Bukele later confirmed the offer on X, specifying that "we are willing to take in only convicted criminals (including convicted US citizens) into our mega-prison (CECOT) in exchange for a fee".
He added that "the fee would be relatively low for the US but significant for us, making our entire prison sustainable".
Since he came into office in 2019, Bukele has made cracking down on crime his government’s priority.
The newly built maximum-security jail he referred to, Cecot [Terrorism Confinement Centre], is at the centre of his drive to lock up and punish the most violent gang members.
The government celebrated the opening of the jail - which it says can hold up to 40,000 inmates - by releasing photos and videos of shaven-headed and tattooed prisoners stripped down to the waist being frogmarched along its corridors.
The treatment of inmates at Cecot, where scores of inmates are locked up in each windowless cell, has been criticised by rights groups.

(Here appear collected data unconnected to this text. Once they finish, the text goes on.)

(* Let $\lambda_{\max}=1$ and let $F:[0,1]\to\mathbb{R}_+$ be continuously differentiable with $F(0)=0$, such that $F(x)<F^\star$ for all $x\in[0,1)$ and $F'(1)>0$. Then there exist constants $c>0$ and $\varepsilon_0>0$ (depending on $F$) such that for every $\varepsilon\in(0,\varepsilon_0]$ and every stable control policy $\lambda:\mathbb{Z}_+\to[0,1]$ with regret $R(\lambda)\le\varepsilon$, we have $\mathbb{E}_\pi[\bar q]\ge c/\varepsilon$. That is, $q^\star(\varepsilon)=\Omega(1/\varepsilon)$.
   Context: A control policy is a function $\lambda:\mathbb{Z}_+\to[0,\lambda_{\max}]$; it defines a continuous-time birth–death chain on $\mathbb{Z}_+$ with rate $\lambda(q)$ from $q$ to $q+1$ and rate $1$ from $q$ to $q-1$ ($q\ge1$). Let $\mathcal S$ be the set of states reachable from $0$. The policy is stable if $\sum_{i\in\mathcal S}\prod_{q=0}^{i}\lambda(q)<\infty$ (positive recurrence on $\mathcal S$); then $\pi$ is the stationary distribution and $\bar q\sim\pi$. Define $F^\star=\sup\{\mathbb{E}_\alpha[F(X)]:\alpha$ a probability measure on $[0,\lambda_{\max}]$, $X\sim\alpha$, $\mathbb{E}_\alpha[X]\le1\}$, the regret $R(\lambda)=F^\star-\mathbb{E}_\pi[F(\lambda(\bar q))]$, and $q^\star(\varepsilon)=\inf\{\mathbb{E}_\pi[\bar q]: \lambda \text{ stable},\ R(\lambda)\le\varepsilon\}$. *)

theory Defs
  imports "HOL-Probability.Probability"
begin

text \<open>A control policy is a function lam :: nat => real with values in [0, lmax].
  Birth rate lam q from q to q+1, death rate 1 from q to q-1.\<close>

definition policy :: "real \<Rightarrow> (nat \<Rightarrow> real) \<Rightarrow> bool" where
  "policy lmax lam \<longleftrightarrow> (\<forall>q. 0 \<le> lam q \<and> lam q \<le> lmax)"

definition reach :: "(nat \<Rightarrow> real) \<Rightarrow> nat set" where
  "reach lam = {i. \<forall>q<i. lam q > 0}"

definition stable :: "(nat \<Rightarrow> real) \<Rightarrow> bool" where
  "stable lam \<longleftrightarrow> (\<lambda>i. \<Prod>q\<le>i. lam q) summable_on reach lam"

definition stationary_dist :: "(nat \<Rightarrow> real) \<Rightarrow> (nat \<Rightarrow> real) \<Rightarrow> bool" where
  "stationary_dist lam \<pi> \<longleftrightarrow>
     (\<forall>i. 0 \<le> \<pi> i) \<and> (\<forall>i. i \<notin> reach lam \<longrightarrow> \<pi> i = 0) \<and>
     \<pi> sums 1 \<and>
     \<pi> 0 * lam 0 = \<pi> 1 \<and>
     (\<forall>j\<ge>1. \<pi> j * (lam j + 1) = \<pi> (j - 1) * lam (j - 1) + \<pi> (j + 1))"

definition Fstar :: "real \<Rightarrow> (real \<Rightarrow> real) \<Rightarrow> real" where
  "Fstar lmax F = (SUP \<alpha> \<in> {\<alpha>. prob_space \<alpha> \<and> space \<alpha> = {0..lmax} \<and>
                        sets \<alpha> = sets (restrict_space borel {0..lmax}) \<and>
                        (\<integral>x. x \<partial>\<alpha>) \<le> 1}.
                   (\<integral>x. F x \<partial>\<alpha>))"

definition regret :: "real \<Rightarrow> (real \<Rightarrow> real) \<Rightarrow> (nat \<Rightarrow> real) \<Rightarrow> (nat \<Rightarrow> real) \<Rightarrow> real" where
  "regret lmax F lam \<pi> = Fstar lmax F - (\<Sum>i. \<pi> i * F (lam i))"

definition mean_queue :: "(nat \<Rightarrow> real) \<Rightarrow> ennreal" where
  "mean_queue \<pi> = (\<Sum>i. ennreal (real i * \<pi> i))"

end

theory Submission
  imports Defs
begin

text \<open>By detailed balance the stationary throughput is \<open>\<Sum> \<pi> i * lam i = 1 - \<pi> 0\<close>.
  Since \<open>F'(1) > 0\<close> and \<open>F < F\<^sup>\<star>\<close> on \<open>[0,1)\<close>, the reward lies below the line
  \<open>F x \<le> F\<^sup>\<star> - k (1 - x)\<close>, so a regret of at most \<open>\<epsilon>\<close> forces \<open>\<pi> 0 \<le> \<epsilon>/k\<close>.
  With \<open>lam \<le> 1\<close> the stationary distribution is nonincreasing, hence every state has
  probability at most \<open>\<epsilon>/k\<close>, and at least half of the mass sits above \<open>N \<approx> k/(2\<epsilon>)\<close>:
  the mean queue length is at least \<open>k/(8\<epsilon>)\<close>.\<close>

lemma has_real_derivative_left_gap:
  fixes f :: "real \<Rightarrow> real"
  assumes "(f has_real_derivative D) (at b within {a..b})" and "d < D"
  shows "\<exists>\<delta>>0. \<forall>x\<in>{a..b}. b - \<delta> < x \<longrightarrow> d * (b - x) \<le> f b - f x"
proof -
  have "((\<lambda>y. (f y - f b) / (y - b)) \<longlongrightarrow> D) (at b within {a..b})"
    using assms(1) unfolding has_field_derivative_iff .
  then have "eventually (\<lambda>y. d < (f y - f b) / (y - b)) (at b within {a..b})"
    using assms(2) by (rule order_tendstoD)
  then obtain \<delta> where "\<delta> > 0"
    and quot: "\<And>y. y \<in> {a..b} \<Longrightarrow> y \<noteq> b \<Longrightarrow> dist y b < \<delta> \<Longrightarrow> d < (f y - f b) / (y - b)"
    unfolding eventually_at by auto
  have "d * (b - x) \<le> f b - f x" if "x \<in> {a..b}" "b - \<delta> < x" for x
  proof (cases "x = b")
    case False
    with that have "x < b" "dist x b < \<delta>" by (auto simp: dist_real_def)
    moreover have "(f x - f b) / (x - b) = (f b - f x) / (b - x)"
      by (simp add: divide_simps) (auto simp: algebra_simps)
    ultimately show ?thesis
      using quot[OF that(1) False] by (simp add: field_simps)
  qed simp
  with \<open>\<delta> > 0\<close> show ?thesis by blast
qed

lemma below_sup_linear_gap:
  fixes f :: "real \<Rightarrow> real"
  assumes "a < b" and cont: "continuous_on {a..b} f"
    and deriv: "(f has_real_derivative D) (at b within {a..b})" and "D > 0"
    and below: "\<forall>x\<in>{a..<b}. f x < S"
  shows "\<exists>k>0. \<forall>x\<in>{a..b}. f x \<le> S - k * (b - x)"
proof -
  have "closed {x \<in> {a..b}. f x \<le> S}"
    using cont by (intro continuous_on_closed_Collect_le) auto
  moreover have "{a..<b} \<subseteq> {x \<in> {a..b}. f x \<le> S}"
    using below by (auto simp: less_imp_le)
  ultimately have "closure {a..<b} \<subseteq> {x \<in> {a..b}. f x \<le> S}"
    by (intro closure_minimal)
  then have fb: "f b \<le> S"
    using \<open>a < b\<close> by (auto dest!: subsetD[of _ _ b])
  obtain \<delta> where "\<delta> > 0" and near: "\<forall>x\<in>{a..b}. b - \<delta> < x \<longrightarrow> D / 2 * (b - x) \<le> f b - f x"
    using has_real_derivative_left_gap[OF deriv, of "D / 2"] \<open>D > 0\<close> by auto
  define c where "c = max a (b - \<delta> / 2)"
  have "a \<le> c" "c < b"
    using \<open>a < b\<close> \<open>\<delta> > 0\<close> by (auto simp: c_def)
  moreover have "continuous_on {a..c} f"
    using cont by (rule continuous_on_subset) (use \<open>c < b\<close> in auto)
  ultimately obtain x0 where "x0 \<in> {a..c}" and x0_max: "\<forall>y\<in>{a..c}. f y \<le> f x0"
    using continuous_attains_sup[of "{a..c}" f] by auto
  define m where "m = S - f x0"
  have "m > 0"
    using \<open>x0 \<in> {a..c}\<close> \<open>c < b\<close> below by (auto simp: m_def)
  define k where "k = min (D / 2) (m / (b - a))"
  have "k > 0"
    using \<open>m > 0\<close> \<open>D > 0\<close> \<open>a < b\<close> by (simp add: k_def)
  have k_le: "k \<le> D / 2" "k \<le> m / (b - a)"
    unfolding k_def by (rule min.cobounded1, rule min.cobounded2)
  have "f x \<le> S - k * (b - x)" if x: "x \<in> {a..b}" for x
  proof (cases "x \<le> c")
    case True
    have "k * (b - x) \<le> m / (b - a) * (b - a)"
      using x \<open>k > 0\<close> k_le by (intro mult_mono) auto
    also have "\<dots> = m"
      using \<open>a < b\<close> by simp
    moreover have "f x \<le> f x0"
      using x0_max x True by auto
    ultimately show ?thesis
      by (simp add: m_def)
  next
    case False
    then have "D / 2 * (b - x) \<le> f b - f x"
      using near x \<open>\<delta> > 0\<close> by (auto simp: c_def)
    moreover have "k * (b - x) \<le> D / 2 * (b - x)"
      using x k_le by (intro mult_right_mono) auto
    ultimately show ?thesis
      using fb by linarith
  qed
  with \<open>k > 0\<close> show ?thesis by blast
qed

lemma stationary_dist_detailed_balance:
  assumes "stationary_dist lam \<pi>"
  shows "\<pi> (Suc i) = \<pi> i * lam i"
proof (induction i)
  case 0
  then show ?case
    using assms by (simp add: stationary_dist_def)
next
  case (Suc i)
  have "\<forall>j\<ge>1. \<pi> j * (lam j + 1) = \<pi> (j - 1) * lam (j - 1) + \<pi> (j + 1)"
    using assms by (simp add: stationary_dist_def)
  then have "\<pi> (Suc i) * (lam (Suc i) + 1) = \<pi> i * lam i + \<pi> (Suc (Suc i))"
    by (simp add: spec[of _ "Suc i"])
  with Suc show ?case
    by (simp add: algebra_simps)
qed

lemma stationary_dist_throughput:
  assumes "stationary_dist lam \<pi>"
  shows "(\<lambda>i. \<pi> i * lam i) sums (1 - \<pi> 0)"
proof -
  have "\<pi> sums 1"
    using assms by (simp add: stationary_dist_def)
  then have "(\<lambda>i. \<pi> (Suc i)) sums (1 - \<pi> 0)"
    using sums_Suc_iff[of \<pi> "1 - \<pi> 0"] by simp
  then show ?thesis
    by (simp add: stationary_dist_detailed_balance[OF assms])
qed

lemma stationary_dist_decseq:
  assumes "stationary_dist lam \<pi>" and "policy 1 lam"
  shows "decseq \<pi>"
proof (rule decseq_SucI)
  fix i
  have "\<pi> i * lam i \<le> \<pi> i"
    using assms unfolding stationary_dist_def policy_def by (simp add: mult_left_le)
  then show "\<pi> (Suc i) \<le> \<pi> i"
    by (simp add: stationary_dist_detailed_balance[OF assms(1)])
qed

lemma stationary_reward_le:
  fixes F :: "real \<Rightarrow> real"
  assumes "stationary_dist lam \<pi>" and "policy 1 lam"
    and F_bounds: "\<forall>x\<in>{0..1}. 0 \<le> F x \<and> F x \<le> S - k * (1 - x)"
  shows "(\<Sum>i. \<pi> i * F (lam i)) \<le> S - k * \<pi> 0"
proof -
  have \<pi>_nonneg: "0 \<le> \<pi> i" and lam: "lam i \<in> {0..1}" for i
    using assms(1,2) by (auto simp: stationary_dist_def policy_def)
  define g where "g i = S * \<pi> i - k * (\<pi> i - \<pi> i * lam i)" for i
  have "g sums (S * 1 - k * (1 - (1 - \<pi> 0)))"
    unfolding g_def using assms(1) stationary_dist_throughput[OF assms(1)]
    by (intro sums_diff sums_mult sums_diff) (auto simp: stationary_dist_def)
  then have g_sums: "g sums (S - k * \<pi> 0)"
    by simp
  have reward_le_g: "\<pi> i * F (lam i) \<le> g i" for i
  proof -
    have "\<pi> i * F (lam i) \<le> \<pi> i * (S - k * (1 - lam i))"
      using F_bounds lam[of i] \<pi>_nonneg[of i] by (intro mult_left_mono) auto
    then show ?thesis
      by (simp add: g_def algebra_simps)
  qed
  have norm_le: "norm (\<pi> i * F (lam i)) \<le> g i" for i
  proof -
    have "0 \<le> F (lam i)"
      using F_bounds lam[of i] by blast
    then show ?thesis
      using reward_le_g[of i] \<pi>_nonneg[of i] by simp
  qed
  have "summable (\<lambda>i. \<pi> i * F (lam i))"
    by (rule summable_comparison_test'[OF sums_summable[OF g_sums] norm_le])
  then have "(\<Sum>i. \<pi> i * F (lam i)) \<le> (\<Sum>i. g i)"
    by (rule suminf_le[OF reward_le_g _ sums_summable[OF g_sums]])
  then show ?thesis
    using g_sums by (simp add: sums_iff)
qed

lemma mean_queue_ge_tail_mass:
  assumes \<pi>_nonneg: "\<forall>i. 0 \<le> \<pi> i" and "\<pi> sums 1" and \<pi>_le: "\<forall>i. \<pi> i \<le> p"
  shows "ennreal (real N * (1 - real N * p)) \<le> mean_queue \<pi>"
proof -
  define h where "h i = (if i < N then 0 else real N * \<pi> i)" for i
  have "(\<lambda>i. real N * \<pi> i - (if i \<in> {..<N} then real N * \<pi> i else 0))
          sums (real N * 1 - (\<Sum>i<N. real N * \<pi> i))"
    using \<open>\<pi> sums 1\<close> by (intro sums_diff sums_mult sums_If_finite_set) auto
  moreover have "h = (\<lambda>i. real N * \<pi> i - (if i \<in> {..<N} then real N * \<pi> i else 0))"
    by (auto simp: h_def)
  moreover have "real N * 1 - (\<Sum>i<N. real N * \<pi> i) = real N * (1 - (\<Sum>i<N. \<pi> i))"
    by (simp add: sum_distrib_left algebra_simps)
  ultimately have h_sums: "h sums (real N * (1 - (\<Sum>i<N. \<pi> i)))"
    by simp
  have "(\<Sum>i<N. \<pi> i) \<le> real N * p"
    using sum_bounded_above[of "{..<N}" \<pi> p] \<pi>_le by simp
  then have "real N * (1 - real N * p) \<le> real N * (1 - (\<Sum>i<N. \<pi> i))"
    by (intro mult_left_mono) auto
  also have "\<dots> = (\<Sum>i. h i)"
    using h_sums by (simp add: sums_iff)
  finally have "ennreal (real N * (1 - real N * p)) \<le> ennreal (\<Sum>i. h i)"
    by (rule ennreal_leI)
  also have "\<dots> = (\<Sum>i. ennreal (h i))"
    using \<pi>_nonneg by (intro suminf_ennreal2[symmetric] sums_summable[OF h_sums]) (auto simp: h_def)
  also have "\<dots> \<le> mean_queue \<pi>"
    unfolding mean_queue_def using \<pi>_nonneg
    by (intro suminf_le) (auto simp: h_def intro!: ennreal_leI mult_right_mono)
  finally show ?thesis .
qed

lemma mean_queue_ge_inverse:
  assumes "\<forall>i. 0 \<le> \<pi> i" and "\<pi> sums 1" and "\<forall>i. \<pi> i \<le> p" and "0 < p" and "p \<le> 1 / 2"
  shows "ennreal (1 / (8 * p)) \<le> mean_queue \<pi>"
proof -
  define x where "x = 1 / (2 * p)"
  have "1 \<le> x"
    using assms(4,5) by (simp add: x_def field_simps)
  define N where "N = nat \<lfloor>x\<rfloor>"
  have "real N = of_int \<lfloor>x\<rfloor>" "1 \<le> real_of_int \<lfloor>x\<rfloor>"
    using \<open>1 \<le> x\<close> by (simp_all add: N_def one_le_floor)
  then have "x / 2 \<le> real N" "real N \<le> x"
    by linarith+
  then have "real N * p \<le> 1 / 2"
    using assms(4) by (simp add: x_def field_simps)
  then have "real N * (1 / 2) \<le> real N * (1 - real N * p)"
    by (intro mult_left_mono) auto
  moreover have "1 / (8 * p) = x / 4"
    by (simp add: x_def)
  ultimately have "1 / (8 * p) \<le> real N * (1 - real N * p)"
    using \<open>x / 2 \<le> real N\<close> by linarith
  then have "ennreal (1 / (8 * p)) \<le> ennreal (real N * (1 - real N * p))"
    by (rule ennreal_leI)
  also have "\<dots> \<le> mean_queue \<pi>"
    using mean_queue_ge_tail_mass assms(1-3) .
  finally show ?thesis .
qed

theorem proposition5p1:
  fixes F :: "real \<Rightarrow> real"
  assumes nonneg: "\<forall>x\<in>{0..1}. 0 \<le> F x"
    and C1: "\<exists>F'. (\<forall>x\<in>{0..1}. (F has_real_derivative F' x) (at x within {0..1}))
                 \<and> continuous_on {0..1} F' \<and> F' 1 > 0"
    and F0: "F 0 = 0"
    and below: "\<forall>x\<in>{0..<1}. F x < Fstar 1 F"
  shows "\<exists>c>0. \<exists>\<epsilon>0>0. \<forall>\<epsilon>. 0 < \<epsilon> \<and> \<epsilon> \<le> \<epsilon>0 \<longrightarrow>
           (\<forall>lam \<pi>. policy 1 lam \<and> stable lam \<and> stationary_dist lam \<pi> \<and>
                     regret 1 F lam \<pi> \<le> \<epsilon> \<longrightarrow> ennreal (c / \<epsilon>) \<le> mean_queue \<pi>)"
proof -
  obtain F' where deriv: "\<forall>x\<in>{0..1}. (F has_real_derivative F' x) (at x within {0..1})"
    and "F' 1 > 0"
    using C1 by blast
  have "continuous_on {0..1} F"
    using deriv by (intro DERIV_continuous_on) auto
  then obtain k where "k > 0" and gap: "\<forall>x\<in>{0..1}. F x \<le> Fstar 1 F - k * (1 - x)"
    using below_sup_linear_gap[of 0 1 F "F' 1" "Fstar 1 F"] deriv \<open>F' 1 > 0\<close> below by auto
  have "ennreal ((k / 8) / \<epsilon>) \<le> mean_queue \<pi>"
    if "0 < \<epsilon>" "\<epsilon> \<le> k / 2" "policy 1 lam" "stationary_dist lam \<pi>" "regret 1 F lam \<pi> \<le> \<epsilon>"
    for \<epsilon> lam \<pi>
  proof -
    have "k * \<pi> 0 \<le> \<epsilon>"
      using stationary_reward_le[OF that(4,3), of F "Fstar 1 F" k] gap nonneg that(5)
      by (auto simp: regret_def)
    then have "\<pi> 0 \<le> \<epsilon> / k"
      using \<open>k > 0\<close> by (simp add: field_simps)
    moreover have "\<pi> i \<le> \<pi> 0" for i
      using stationary_dist_decseq[OF that(4,3)] by (simp add: decseqD)
    ultimately have "\<forall>i. \<pi> i \<le> \<epsilon> / k"
      by (blast intro: order_trans)
    then have "ennreal (1 / (8 * (\<epsilon> / k))) \<le> mean_queue \<pi>"
      using that(1,2,4) \<open>k > 0\<close>
      by (intro mean_queue_ge_inverse) (auto simp: stationary_dist_def field_simps)
    then show ?thesis
      by (simp add: field_simps)
  qed
  then show ?thesis
    using \<open>k > 0\<close> by (intro exI[of _ "k / 8"] conjI exI[of _ "k / 2"]) auto
qed

end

But Bukele’s crackdown on crime continues to be very popular with the vast majority of Salvadoreans who say they can go about their lives without threats from gang members for the first time in years.
However, some relatives of the tens of thousands of people which have been rounded up and jailed under emergency measures brought in by Bukele say their loved ones have been wrongfully rounded up in sweeping police round-ups.
Amnesty International has criticised the "gradual replacement of gang violence with state violence" in the country - a criticism dismissed by Bukele, who points out that his hardline approach to crime last February won him re-election to a second term with more than 84% of the votes.
El Salvador was the second stop on Secretary of State Rubio’s first overseas tour as the US top diplomat.
His first stop was Panama, where he demanded that Panama make "immediate changes" to what he called the "influence and control" of China over the Panama Canal.
On Tuesday, he will hold meetings with officials in Costa Rica and Guatemala expected to focus on migration as well as countering Chinese influence in the region.
Since coming to office, US President Donald Trump has focused on speeding up the removal of undocumented migrants, with the promise of "mass deportations".